# [SOLVED] Code::Blocks can't build and run '.c' files



## Jamsers

Hello everyone. I just switched to Ubuntu 10.10 64 bit from Windows 7 and so far, it's been lovely. Everything I needed was there, and I got all my software from the Ubuntu Software Center.

But, I have a big problem right now. I'm a Computer Science student, and am extremely new to programming.

I installed Code::Blocks using the Ubuntu Software Center.

I make a simple "test.c" file, put some code into it, open it using Code::Blocks, and hit the "build and run" button, just like the way I did on Windows. But, it doesn't run. A dialog box pops up and says "It seems the file hasn't been built yet. Would you like to build it now?". I hit yes, and the dialog box pops up again. The program never runs.

In Windows, it did.

I look at the folder where my "test.c" file is located, and I see there is now a "test.o" file, but no "test.exe" file, like there was in Windows.

Please help me. I am completely helpless right now. I've tried Googling for an answer, but I can't find one.

I don't really mind if I don't get the ".exe" file or whatever. What's important to me right now is I get my ".c" files to "build and run", just to see how it runs.

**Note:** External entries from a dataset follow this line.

(* Let $n,m\in\mathbb{N}$ and $f:\mathbb{F}_2^n\to\mathbb{F}_2$. Then for every $\mathbf{z}\in\mathbb{F}_2^n$, $$C^{(m)}_f(\mathbf{z})=\zeta_m^{wt(\mathbf{z})}\sum_{\mathbf{u}\in\mathbb{F}_2^n}\left|\mathcal{H}^{(m)}_f(\mathbf{u})\right|^2(-1)^{\mathbf{u}\cdot\mathbf{z}}.$$
   Context: $\zeta_m=e^{2\pi i/m}$; $wt$ is Hamming weight; $\mathbf{x}\cdot\mathbf{y}=\bigoplus_i x_iy_i\in\mathbb{F}_2$; $\mathbf{x}\odot\mathbf{y}=\sum_i x_iy_i$ computed in the integers. The $m$-Hadamard transform is $\mathcal{H}^{(m)}_f(\boldsymbol{\omega})=2^{-n/2}\sum_{\mathbf{x}\in\mathbb{F}_2^n}(-1)^{f(\mathbf{x})\oplus\mathbf{x}\cdot\boldsymbol{\omega}}\zeta_m^{wt(\mathbf{x})}$, and the $m$-autocorrelation is $C^{(m)}_{f}(\mathbf{y})=\sum_{\mathbf{x}\in\mathbb{F}_2^n}(-1)^{f(\mathbf{x})\oplus f(\mathbf{x}\oplus\mathbf{y})}(\zeta_m^2)^{\mathbf{x}\odot\mathbf{y}}$. *)

theory Defs
  imports Complex_Main
begin

text \<open>Vectors of F_2^n are represented as boolean lists of length n
  (True = 1, False = 0).\<close>

definition vecs :: "nat \<Rightarrow> bool list set" where
  "vecs n = {x. length x = n}"

definition wt :: "bool list \<Rightarrow> nat" where
  "wt x = length (filter id x)"

definition xorv :: "bool list \<Rightarrow> bool list \<Rightarrow> bool list" where
  "xorv x y = map2 (\<noteq>) x y"

definition dotF2 :: "bool list \<Rightarrow> bool list \<Rightarrow> bool" where
  "dotF2 x y = odd (length (filter id (map2 (\<and>) x y)))"

definition dotZ :: "bool list \<Rightarrow> bool list \<Rightarrow> nat" where
  "dotZ x y = length (filter id (map2 (\<and>) x y))"

definition sgnb :: "bool \<Rightarrow> complex" where
  "sgnb b = (if b then -1 else 1)"

definition zeta :: "nat \<Rightarrow> complex" where
  "zeta m = exp (2 * of_real pi * \<i> / of_nat m)"

definition mHadamard :: "nat \<Rightarrow> nat \<Rightarrow> (bool list \<Rightarrow> bool) \<Rightarrow> bool list \<Rightarrow> complex" where
  "mHadamard m n f w = of_real (1 / sqrt (2 ^ n)) *
     (\<Sum>x\<in>vecs n. sgnb (f x \<noteq> dotF2 x w) * zeta m ^ wt x)"

definition mAutocorr :: "nat \<Rightarrow> nat \<Rightarrow> (bool list \<Rightarrow> bool) \<Rightarrow> bool list \<Rightarrow> complex" where
  "mAutocorr m n f y = (\<Sum>x\<in>vecs n. sgnb (f x \<noteq> f (xorv x y)) * (zeta m ^ 2) ^ dotZ x y)"

end

theory Submission
  imports Defs
begin

text \<open>With \<open>g x = (-1)^f(x) \<zeta>^wt(x)\<close>, the \<open>m\<close>-Hadamard transform is \<open>2^(-n/2)\<close> times the
  Walsh transform of \<open>g\<close>. By orthogonality of the characters \<open>u \<mapsto> (-1)^(x\<cdot>u)\<close>, the Walsh
  transform satisfies a Wiener--Khinchin identity, which turns the right-hand side into
  \<open>\<zeta>^wt(z) \<Sum>\<^sub>x g(x) cnj (g (x \<oplus> z))\<close>. As \<open>|\<zeta>| = 1\<close> and \<open>wt x + wt z = wt (x \<oplus> z) + 2 (x \<odot> z)\<close>,
  each summand is \<open>(-1)^(f(x) \<oplus> f(x \<oplus> z)) \<zeta>^(2 (x \<odot> z))\<close>.\<close>

lemma sgnb_neq: "sgnb (a \<noteq> b) = sgnb a * sgnb b"
  by (simp add: sgnb_def)

lemma cnj_sgnb [simp]: "cnj (sgnb b) = sgnb b"
  by (simp add: sgnb_def)

lemma finite_vecs [simp]: "finite (vecs n)"
proof -
  have "vecs n \<subseteq> {xs. set xs \<subseteq> UNIV \<and> length xs = n}"
    by (auto simp: vecs_def)
  then show ?thesis
    using finite_lists_length_eq[of "UNIV :: bool set" n] finite_subset by auto
qed

lemma vecs_Suc: "vecs (Suc n) = (\<lambda>(b, u). b # u) ` (UNIV \<times> vecs n)"
  by (auto simp: vecs_def length_Suc_conv image_iff)

lemma sum_vecs_Suc:
  "(\<Sum>u\<in>vecs (Suc n). g u) = (\<Sum>u\<in>vecs n. g (True # u)) + (\<Sum>u\<in>vecs n. g (False # u))"
proof -
  have "(\<Sum>u\<in>vecs (Suc n). g u) = (\<Sum>(b, u)\<in>UNIV \<times> vecs n. g (b # u))"
    unfolding vecs_Suc by (subst sum.reindex) (auto simp: inj_on_def case_prod_beta)
  also have "\<dots> = (\<Sum>b\<in>UNIV. \<Sum>u\<in>vecs n. g (b # u))"
    by (simp add: sum.cartesian_product)
  finally show ?thesis
    by (simp add: UNIV_bool add.commute)
qed

lemma xorv_in_vecs: "x \<in> vecs n \<Longrightarrow> z \<in> vecs n \<Longrightarrow> xorv x z \<in> vecs n"
  by (simp add: vecs_def xorv_def)

lemma dotF2_Nil [simp]: "dotF2 [] u = False" "dotF2 x [] = False"
  by (simp_all add: dotF2_def)

lemma dotF2_Cons: "dotF2 (a # x) (b # u) = ((a \<and> b) \<noteq> dotF2 x u)"
  by (cases a; cases b) (simp_all add: dotF2_def)

lemma dotF2_commute: "dotF2 x u = dotF2 u x"
proof (induction x arbitrary: u)
  case Nil
  then show ?case by simp
next
  case (Cons a x)
  then show ?case by (cases u) (auto simp: dotF2_Cons)
qed

lemma xorv_Cons: "xorv (a # x) (b # z) = (a \<noteq> b) # xorv x z"
  by (simp add: xorv_def)

lemma dotF2_xorv:
  "length x = length z \<Longrightarrow> dotF2 (xorv x z) u = (dotF2 x u \<noteq> dotF2 z u)"
proof (induction x z arbitrary: u rule: list_induct2)
  case Nil
  then show ?case by (simp add: xorv_def)
next
  case (Cons a x b z)
  then show ?case by (cases u) (auto simp: dotF2_Cons xorv_Cons)
qed

lemma sum_sgnb_dotF2_orthogonal:
  assumes "v \<in> vecs n" "w \<in> vecs n"
  shows "(\<Sum>u\<in>vecs n. sgnb (dotF2 v u) * sgnb (dotF2 w u)) = (if v = w then 2 ^ n else 0)"
  using assms
proof (induction n arbitrary: v w)
  case 0
  then show ?case by (simp add: vecs_def dotF2_def sgnb_def)
next
  case (Suc n)
  then obtain a v' b w' where vw: "v = a # v'" "w = b # w'" "v' \<in> vecs n" "w' \<in> vecs n"
    by (auto simp: vecs_def length_Suc_conv)
  have "(\<Sum>u\<in>vecs (Suc n). sgnb (dotF2 v u) * sgnb (dotF2 w u))
      = (1 + sgnb a * sgnb b) * (\<Sum>u\<in>vecs n. sgnb (dotF2 v' u) * sgnb (dotF2 w' u))"
    unfolding sum_vecs_Suc vw dotF2_Cons sgnb_neq
    by (cases a; cases b) (simp_all add: sgnb_def sum_negf)
  then show ?case
    using Suc.IH[OF vw(3,4)] vw by (cases a; cases b) (auto simp: sgnb_def)
qed

lemma sum_sgnb_dotF2_triple:
  assumes "x \<in> vecs n" "y \<in> vecs n" "z \<in> vecs n"
  shows "(\<Sum>u\<in>vecs n. sgnb (dotF2 x u) * sgnb (dotF2 y u) * sgnb (dotF2 u z))
    = (if xorv x z = y then 2 ^ n else 0)"
proof -
  have "length x = length z"
    using assms by (simp add: vecs_def)
  then have "(\<Sum>u\<in>vecs n. sgnb (dotF2 x u) * sgnb (dotF2 y u) * sgnb (dotF2 u z))
      = (\<Sum>u\<in>vecs n. sgnb (dotF2 (xorv x z) u) * sgnb (dotF2 y u))"
    by (simp only: dotF2_xorv dotF2_commute[of _ z] sgnb_neq mult_ac)
  also have "\<dots> = (if xorv x z = y then 2 ^ n else 0)"
    using assms by (simp add: sum_sgnb_dotF2_orthogonal xorv_in_vecs)
  finally show ?thesis .
qed

definition walsh :: "nat \<Rightarrow> (bool list \<Rightarrow> complex) \<Rightarrow> bool list \<Rightarrow> complex" where
  "walsh n g u = (\<Sum>x\<in>vecs n. g x * sgnb (dotF2 x u))"

theorem walsh_wiener_khinchin:
  assumes "z \<in> vecs n"
  shows "(\<Sum>u\<in>vecs n. walsh n g u * cnj (walsh n g u) * sgnb (dotF2 u z))
    = 2 ^ n * (\<Sum>x\<in>vecs n. g x * cnj (g (xorv x z)))"
proof -
  define \<chi> where "\<chi> x y u = sgnb (dotF2 x u) * sgnb (dotF2 y u) * sgnb (dotF2 u z)" for x y u
  have "(\<Sum>u\<in>vecs n. walsh n g u * cnj (walsh n g u) * sgnb (dotF2 u z))
      = (\<Sum>u\<in>vecs n. \<Sum>x\<in>vecs n. \<Sum>y\<in>vecs n. g x * cnj (g y) * \<chi> x y u)"
    unfolding walsh_def cnj_sum sum_product
    unfolding sum_distrib_right
    by (intro sum.cong refl) (simp add: \<chi>_def mult_ac)
  also have "\<dots> = (\<Sum>x\<in>vecs n. \<Sum>y\<in>vecs n. \<Sum>u\<in>vecs n. g x * cnj (g y) * \<chi> x y u)"
    by (subst sum.swap) (rule sum.cong[OF refl], rule sum.swap)
  also have "\<dots> = (\<Sum>x\<in>vecs n. \<Sum>y\<in>vecs n. if xorv x z = y then g x * cnj (g y) * 2 ^ n else 0)"
    using assms unfolding \<chi>_def sum_distrib_left[symmetric]
    by (intro sum.cong refl) (simp add: sum_sgnb_dotF2_triple)
  also have "\<dots> = (\<Sum>x\<in>vecs n. g x * cnj (g (xorv x z)) * 2 ^ n)"
    using assms by (intro sum.cong refl) (simp add: sum.delta' xorv_in_vecs)
  finally show ?thesis
    by (simp add: sum_distrib_left mult_ac)
qed

lemma wt_add_eq_wt_xorv: "length x = length z \<Longrightarrow> wt x + wt z = wt (xorv x z) + 2 * dotZ x z"
  by (induction x z rule: list_induct2) (auto simp: wt_def xorv_def dotZ_def)

lemma unimodular_pow_wt_xorv:
  fixes w :: complex
  assumes "norm w = 1" "length x = length z"
  shows "w ^ wt z * w ^ wt x * cnj w ^ wt (xorv x z) = (w ^ 2) ^ dotZ x z"
proof -
  have "w ^ wt z * w ^ wt x = w ^ (wt x + wt z)"
    by (simp add: power_add)
  also have "\<dots> = w ^ wt (xorv x z) * (w ^ 2) ^ dotZ x z"
    by (simp add: wt_add_eq_wt_xorv[OF assms(2)] power_add power_mult)
  finally have "w ^ wt z * w ^ wt x * cnj w ^ wt (xorv x z)
      = (w * cnj w) ^ wt (xorv x z) * (w ^ 2) ^ dotZ x z"
    by (simp add: power_mult_distrib mult_ac)
  also have "w * cnj w = 1"
    using assms(1) complex_norm_square[of w] by simp
  finally show ?thesis
    by simp
qed

lemma norm_zeta: "norm (zeta m) = 1"
  by (simp add: zeta_def norm_exp_eq_Re)

lemma mHadamard_eq_walsh:
  "mHadamard m n f u = of_real (1 / sqrt (2 ^ n)) * walsh n (\<lambda>x. sgnb (f x) * zeta m ^ wt x) u"
  unfolding mHadamard_def walsh_def sgnb_neq by (simp add: mult_ac)

lemma mHadamard_square_eq_walsh:
  "(of_real (cmod (mHadamard m n f u)))\<^sup>2 = walsh n g u * cnj (walsh n g u) / 2 ^ n"
  if "g = (\<lambda>x. sgnb (f x) * zeta m ^ wt x)"
proof -
  have "(of_real (cmod (mHadamard m n f u)))\<^sup>2 = mHadamard m n f u * cnj (mHadamard m n f u)"
    using complex_norm_square[of "mHadamard m n f u"] by simp
  also have "\<dots> = of_real (1 / sqrt (2 ^ n)) * of_real (1 / sqrt (2 ^ n))
      * (walsh n g u * cnj (walsh n g u))"
    unfolding mHadamard_eq_walsh that[symmetric]
    by (simp only: complex_cnj_mult complex_cnj_complex_of_real mult_ac)
  also have "of_real (1 / sqrt (2 ^ n)) * of_real (1 / sqrt (2 ^ n)) = (1 / 2 ^ n :: complex)"
    by (simp flip: of_real_mult)
  finally show ?thesis
    by simp
qed

theorem corollary1:
  fixes n m :: nat and f :: "bool list \<Rightarrow> bool" and z :: "bool list"
  assumes "z \<in> vecs n"
  shows "mAutocorr m n f z =
    zeta m ^ wt z * (\<Sum>u\<in>vecs n. (of_real (cmod (mHadamard m n f u)))\<^sup>2 * sgnb (dotF2 u z))"
proof -
  define g where "g = (\<lambda>x. sgnb (f x) * zeta m ^ wt x)"
  have "(\<Sum>u\<in>vecs n. (of_real (cmod (mHadamard m n f u)))\<^sup>2 * sgnb (dotF2 u z))
      = (\<Sum>x\<in>vecs n. g x * cnj (g (xorv x z)))"
    using walsh_wiener_khinchin[OF assms, of g]
    by (simp add: mHadamard_square_eq_walsh[OF g_def] flip: sum_divide_distrib)
  moreover have "sgnb (f x \<noteq> f (xorv x z)) * (zeta m ^ 2) ^ dotZ x z
      = zeta m ^ wt z * (g x * cnj (g (xorv x z)))" if "x \<in> vecs n" for x
    using that assms unimodular_pow_wt_xorv[OF norm_zeta, of x z] unfolding sgnb_neq
    by (simp add: g_def vecs_def mult_ac)
  then have "mAutocorr m n f z = (\<Sum>x\<in>vecs n. zeta m ^ wt z * (g x * cnj (g (xorv x z))))"
    unfolding mAutocorr_def by (rule sum.cong[OF refl])
  ultimately show ?thesis
    by (simp add: sum_distrib_left)
qed

end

Thank you in advance for any help you can give me. I like Ubuntu, and I can't stand going back to Windows just for this very reason, when everything else about this OS is pretty good.


----------



## Ninjaboi

*Re: Code::Blocks can't build and run ".c" files*

Try creating a file named "hello.c" with the data:



Code:


#include <stdio.h>

main()
{
  for(;;)
      { 
          printf ("Hello World!\n");
      }
}

Try to compile that and see if you can run it. Just to give you another tip, executable files are for Windows, not Linux. You should be able to run your program by going through the terminal as well if I'm not mistaken.


----------



## Jamsers

*Re: Code::Blocks can't build and run ".c" files*

Thank you for the reply Ninjaboi, I really appreciate it. So I tried your code, and the same problem: it compiles, no problem, but I can't get it to run.

Maybe this will help...

Build log:
Compiling: /home/jamsers/Documents/Stuff for studies/CSC101/CodeTest.c
Linking console executable: /home/jamsers/Documents/Stuff for studies/CSC101/CodeTest
/bin/sh: g++: not found
Process terminated with status 127 (0 minutes, 0 seconds)
0 errors, 0 warnings

Build messages say nothing. Anyways, thanks for the heads up about ".exe" not being for Linux, hehe, I guess I saw that coming. I've installed Wine to alleviate that problem.


----------



## Ninjaboi

*Re: Code::Blocks can't build and run ".c" files*



> /bin/sh: g++: not found


You apparently don't have g++ installed ( or at least installed correctly ) on your system. In other words, you have the IDE ( Code::Blocks ) ready to go, but the compiler itself is not.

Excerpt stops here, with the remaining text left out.